Liara could only shake her head, both from surprise and ignorance.

It didn't occur to her to think of his presence as something inappropriate or embarrassing - even taking on the account... No, no matter what. Even if none of this had happened, or was only a dream: sharing a living space with someone else was perfectly natural for any asari. (She, however, needed privacy for her special work; otherwise she would not have insisted so much on a separate quarters.) 

Humans have different customs — she understood that. 

Humans valued their personal space almost as much as the krogans did — although they were much better at adjusting to its absence or limitations. (To better adapt to living on the first "Normandy", she read xeno-sociologists' research papers - with cross-section diagrams for population groups and curves for the level of relative aggressiveness.) 

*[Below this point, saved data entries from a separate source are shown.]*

(* Let $R$ be a commutative ring with unit, $M$ an $R$-module, $\mathbf A$ a $k\times l$ matrix with entries in $R$, and $r\ge1$ an integer. (1) If $S\subseteq R$ is a multiplicative subset containing no zero divisors on $M$ (i.e. $sm=0$ with $s\in S$, $m\in M$ implies $m=0$), then $\mathbf A$ is partition regular over $M$ for $r$ colours if and only if it is partition regular over $S^{-1}M$ for $r$ colours. (2) If $R$ is an integral domain with fraction field $K$, then $\mathbf A$ is partition regular over $R$ for $r$ colours if and only if it is partition regular over $K$ (as an $R$-module) for $r$ colours.
   Context: $\mathbf{A}$ is partition regular over an $R$-module $N$ for $r$ colours if for every map $\chi\colon N\to\{1,\dots,r\}$ there is $\mathbf{n}=(n_1,\dots,n_l)^{\intercal}\in N^l$ with $\mathbf{A}\mathbf{n}=0$, $\mathbf{n}\neq 0$ and $\chi(n_1)=\dots=\chi(n_l)$. *)

theory Defs
  imports Main "HOL.Modules" "HOL-Computational_Algebra.Fraction_Field"
begin

text \<open>An R-module is given abstractly by a carrier set N, a zero, an addition and a
  scalar multiplication.\<close>

definition lincomb :: "('e \<Rightarrow> 'e \<Rightarrow> 'e) \<Rightarrow> 'e \<Rightarrow> ('r \<Rightarrow> 'e \<Rightarrow> 'e)
    \<Rightarrow> (nat \<Rightarrow> nat \<Rightarrow> 'r) \<Rightarrow> nat \<Rightarrow> (nat \<Rightarrow> 'e) \<Rightarrow> nat \<Rightarrow> 'e" where
  "lincomb add z sc A i n l = foldr (\<lambda>j acc. add (sc (A i j) (n j)) acc) [0..<l] z"

definition partition_regular ::
  "'e set \<Rightarrow> 'e \<Rightarrow> ('e \<Rightarrow> 'e \<Rightarrow> 'e) \<Rightarrow> ('r \<Rightarrow> 'e \<Rightarrow> 'e)
    \<Rightarrow> (nat \<Rightarrow> nat \<Rightarrow> 'r) \<Rightarrow> nat \<Rightarrow> nat \<Rightarrow> nat \<Rightarrow> bool" where
  "partition_regular N z add sc A k l r \<longleftrightarrow>
     (\<forall>\<chi> :: 'e \<Rightarrow> nat. \<chi> ` N \<subseteq> {1..r} \<longrightarrow>
        (\<exists>n :: nat \<Rightarrow> 'e. (\<forall>j<l. n j \<in> N)
            \<and> (\<forall>i<k. lincomb add z sc A i n l = z)
            \<and> (\<exists>j<l. n j \<noteq> z)
            \<and> (\<exists>c. \<forall>j<l. \<chi> (n j) = c)))"
text \<open>The ratio test behind all positivity arguments for Z-matrices: at a component
  where \<open>x / v\<close> is minimal, the off-diagonal terms of \<open>K x\<close> are bounded by those of \<open>K v\<close>.\<close>
lemma Z_matrix_min_ratio:
  fixes K :: "real^'n^'n"
  assumes Z: "Z_matrix K" and v_pos: "\<forall>l. v $ l > 0"
  obtains k where "\<forall>l. x $ k / v $ k \<le> x $ l / v $ l"
    and "(K *v x) $ k \<le> x $ k / v $ k * (K *v v) $ k"
proof -
  define r where "r l = x $ l / v $ l" for l
  have "Min (range r) \<in> range r" by (simp add: Min_in)
  then obtain k where k: "r k = Min (range r)" by (metis imageE)
  have r_min: "r k \<le> r l" for l by (simp add: k)
  have x_eq: "x $ l = v $ l * r l" for l
    using v_pos[rule_format, of l] by (simp add: r_def)
  have "(K *v x) $ k = (\<Sum>l\<in>UNIV. K $ k $ l * (v $ l * r l))"
    by (simp add: matrix_vector_mult_component x_eq)
  also have "\<dots> \<le> (\<Sum>l\<in>UNIV. K $ k $ l * (v $ l * r k))"
  proof (rule sum_mono)
    fix l
    show "K $ k $ l * (v $ l * r l) \<le> K $ k $ l * (v $ l * r k)"
    proof (cases "l = k")
      case False
      then have "K $ k $ l \<le> 0" using Z by (simp add: Z_matrix_def)
      moreover have "v $ l * r k \<le> v $ l * r l"
        using r_min v_pos by (simp add: less_imp_le)
      ultimately show ?thesis by (simp add: mult_left_mono_neg)
    qed simp
  qed
  also have "\<dots> = r k * (K *v v) $ k"
    by (simp add: matrix_vector_mult_component sum_distrib_left algebra_simps)
  finally have "(K *v x) $ k \<le> r k * (K *v v) $ k" .
  with r_min show thesis
    unfolding r_def by (intro that[of k]) auto
qed

lemma Z_matrix_mult_nonneg_imp_nonneg:
  fixes K :: "real^'n^'n"
  assumes Z: "Z_matrix K" and v_pos: "\<forall>l. v $ l > 0" and Kv_pos: "\<forall>l. (K *v v) $ l > 0"
    and Kx_nonneg: "\<forall>l. (K *v x) $ l \<ge> 0"
  shows "x $ k \<ge> 0"
proof (rule ccontr)
  assume "\<not> x $ k \<ge> 0"
  then have "x $ k / v $ k < 0" using v_pos by (simp add: divide_neg_pos)
  obtain k' where min: "\<forall>l. x $ k' / v $ k' \<le> x $ l / v $ l"
    and k': "(K *v x) $ k' \<le> x $ k' / v $ k' * (K *v v) $ k'"
    using Z_matrix_min_ratio[OF Z v_pos] by blast
  have "x $ k' / v $ k' < 0"
    using min[rule_format, of k] \<open>x $ k / v $ k < 0\<close> by linarith
  then have "(K *v x) $ k' < 0"
    using k' Kv_pos by (meson mult_neg_pos order.strict_trans1)
  then show False using Kx_nonneg by (meson not_le)
qed

lemma Z_matrix_mult_eq_one_imp_pos:
  fixes K :: "real^'n^'n"
  assumes Z: "Z_matrix K" and Kw: "K *v w = (\<chi> k. 1)" and w_nonneg: "\<forall>l. w $ l \<ge> 0"
  shows "w $ k > 0"
proof (rule ccontr)
  assume "\<not> w $ k > 0"
  then have "w $ k = 0" using w_nonneg[rule_format, of k] by linarith
  have "(K *v w) $ k = (\<Sum>l\<in>UNIV. K $ k $ l * w $ l)"
    by (rule matrix_vector_mult_component)
  also have "\<dots> \<le> 0"
  proof (rule sum_nonpos)
    fix l
    show "K $ k $ l * w $ l \<le> 0"
      using Z w_nonneg \<open>w $ k = 0\<close>
      by (cases "l = k") (auto simp: Z_matrix_def mult_nonpos_nonneg)
  qed
  finally show False using Kw by simp
qed

lemma det_of_real_matrix:
  fixes X :: "real^'n^'n"
  shows "det (\<chi> i j. complex_of_real (X $ i $ j)) = complex_of_real (det X)"
  unfolding det_def by (simp add: of_real_sum of_real_mult of_real_prod)

lemma hurwitz_imp_invertible_add_diag:
  fixes K :: "real^'n^'n"
  assumes "hurwitz (- K)" and "\<tau> \<ge> 0"
  shows "invertible (K + \<tau> *\<^sub>R mat 1)"
proof -
  have char: "(\<chi> i j. (if i = j then complex_of_real \<tau> else 0) - complex_of_real ((- K) $ i $ j))
      = (\<chi> i j. complex_of_real ((K + \<tau> *\<^sub>R mat 1) $ i $ j))"
    by (auto simp: mat_def vec_eq_iff)
  have "det (K + \<tau> *\<^sub>R mat 1) \<noteq> 0"
  proof
    assume "det (K + \<tau> *\<^sub>R mat 1) = 0"
    then have "det (\<chi> i j. (if i = j then complex_of_real \<tau> else 0)
        - complex_of_real ((- K) $ i $ j)) = 0"
      by (simp only: char det_of_real_matrix of_real_0)
    then have "Re (complex_of_real \<tau>) < 0"
      using assms(1) unfolding hurwitz_def by blast
    with assms(2) show False by simp
  qed
  then show ?thesis by (simp add: invertible_det_nz)
qed

definition semipositive :: "real^'n^'n \<Rightarrow> bool" where
  "semipositive K \<longleftrightarrow> (\<exists>v. (\<forall>k. v $ k > 0) \<and> (\<forall>k. (K *v v) $ k > 0))"

lemma semipositive_add_diag:
  assumes "semipositive K" and "\<tau> \<ge> 0"
  shows "semipositive (K + \<tau> *\<^sub>R mat 1)"
proof -
  obtain v where v: "\<forall>k. v $ k > 0" "\<forall>k. (K *v v) $ k > 0"
    using assms(1) by (auto simp: semipositive_def)
  have "((K + \<tau> *\<^sub>R mat 1) *v v) $ k > 0" for k
  proof -
    have "\<tau> * v $ k \<ge> 0" using v(1) assms(2) by (simp add: less_imp_le)
    then show ?thesis using v(2) by (simp add: matrix_vector_mult_add_diag add_pos_nonneg)
  qed
  with v(1) show ?thesis by (auto simp: semipositive_def)
qed

lemma semipositive_add_large_diag: "\<exists>\<tau>\<ge>0. semipositive (K + \<tau> *\<^sub>R mat 1)"
proof -
  define \<tau> where "\<tau> = (\<Sum>k\<in>UNIV. \<Sum>l\<in>UNIV. \<bar>K $ k $ l\<bar>) + 1"
  have "((K + \<tau> *\<^sub>R mat 1) *v (\<chi> k. 1)) $ k > 0" for k
  proof -
    have "- (\<Sum>l\<in>UNIV. K $ k $ l) \<le> (\<Sum>l\<in>UNIV. \<bar>K $ k $ l\<bar>)"
      by (simp add: sum_negf[symmetric] sum_mono)
    also have "\<dots> \<le> (\<Sum>k\<in>UNIV. \<Sum>l\<in>UNIV. \<bar>K $ k $ l\<bar>)"
      by (rule member_le_sum) (auto intro: sum_nonneg)
    also have "\<dots> < \<tau>" by (simp add: \<tau>_def)
    finally show ?thesis
      by (simp add: matrix_vector_mult_add_diag matrix_vector_mult_component)
  qed
  moreover have "\<tau> \<ge> 0" by (simp add: \<tau>_def sum_nonneg add_nonneg_nonneg)
  ultimately show ?thesis
    by (auto simp: semipositive_def intro!: exI[of _ \<tau>] exI[of _ "\<chi> k. 1"])
qed

lemma semipositive_sub_diag:
  assumes "semipositive K"
  obtains \<delta> where "\<delta> > 0" "semipositive (K - \<delta> *\<^sub>R mat 1)"
proof -
  obtain v where v: "\<forall>k. v $ k > 0" "\<forall>k. (K *v v) $ k > 0"
    using assms by (auto simp: semipositive_def)
  define q where "q k = (K *v v) $ k / v $ k" for k
  have "Min (range q) \<in> range q" by (simp add: Min_in)
  then have q_pos: "Min (range q) > 0" using v by (auto simp: q_def)
  define \<delta> where "\<delta> = Min (range q) / 2"
  have "((K - \<delta> *\<^sub>R mat 1) *v v) $ k > 0" for k
  proof -
    have "Min (range q) \<le> q k" by simp
    then have "\<delta> < q k" using q_pos unfolding \<delta>_def by linarith
    then have "\<delta> * v $ k < (K *v v) $ k" using v by (simp add: q_def pos_less_divide_eq)
    then show ?thesis
      by (simp add: matrix_vector_mult_add_diag[of K "- \<delta>", simplified])
  qed
  with v(1) q_pos show thesis
    by (intro that[of \<delta>]) (auto simp: semipositive_def \<delta>_def)
qed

Shepard, moreover, had the advantage of the captain — and Liara remembered his cabin-deck, spacious, lit by the fluorescence from the aquarium, but somehow slightly uncomfortable, as if uninhabited - despite even the collection of toy ships; as if they were placed here not out of desire — just because it was necessary.

It resembled the house where they settled with her mother, when Liara was transferred to a school with advanced program, and Benazia again for a dozen years had engaged in administrative, rather than diplomatic, work.

_("Did you live underwater?” Shepard was surprised when she mentioned it, just to say something while he poured them the wine with detached accuracy._

__

__

"Under the dome," she said absently. “It's not rational not to use continental shelves on Tessia." 

"I see —" he said, and then added, as if through the tension in his straight back and shoulders. “I didn't mean to impress you."

She lifted her brow.

"Or," he said without a smile, almost with no intonation at all; only the shadows under his eyes lay deep, like a hidden archaeological layer, "do you think I was given a choice about the setting here?"

She put her hand on the surface of the aquarium, but at his words she shuddered, almost pulling her fingers away.

She wanted, against all reason, to touch him, to take him by the shoulders, but instead she just took a deep breath.

"It's not about... fish.” Her fingers touched the cool glass. “Benezia was constantly traveling on business or attended the forums, and I had extra classes from morning to evening. I don't remember seeing our apartment in daylight.” 

She didn't even know why she was telling him this, though he listened intently, holding a glass in each hand, his head slightly tilted to his shoulder. "I just... didn't feel at home there. And there wasn't even a friend I could ask to spend the night with. So I would lie down in bed anyway, in silence, and watch the sea dwellers pass by the windows until I fell asleep. It helped, yes... but only after a long time."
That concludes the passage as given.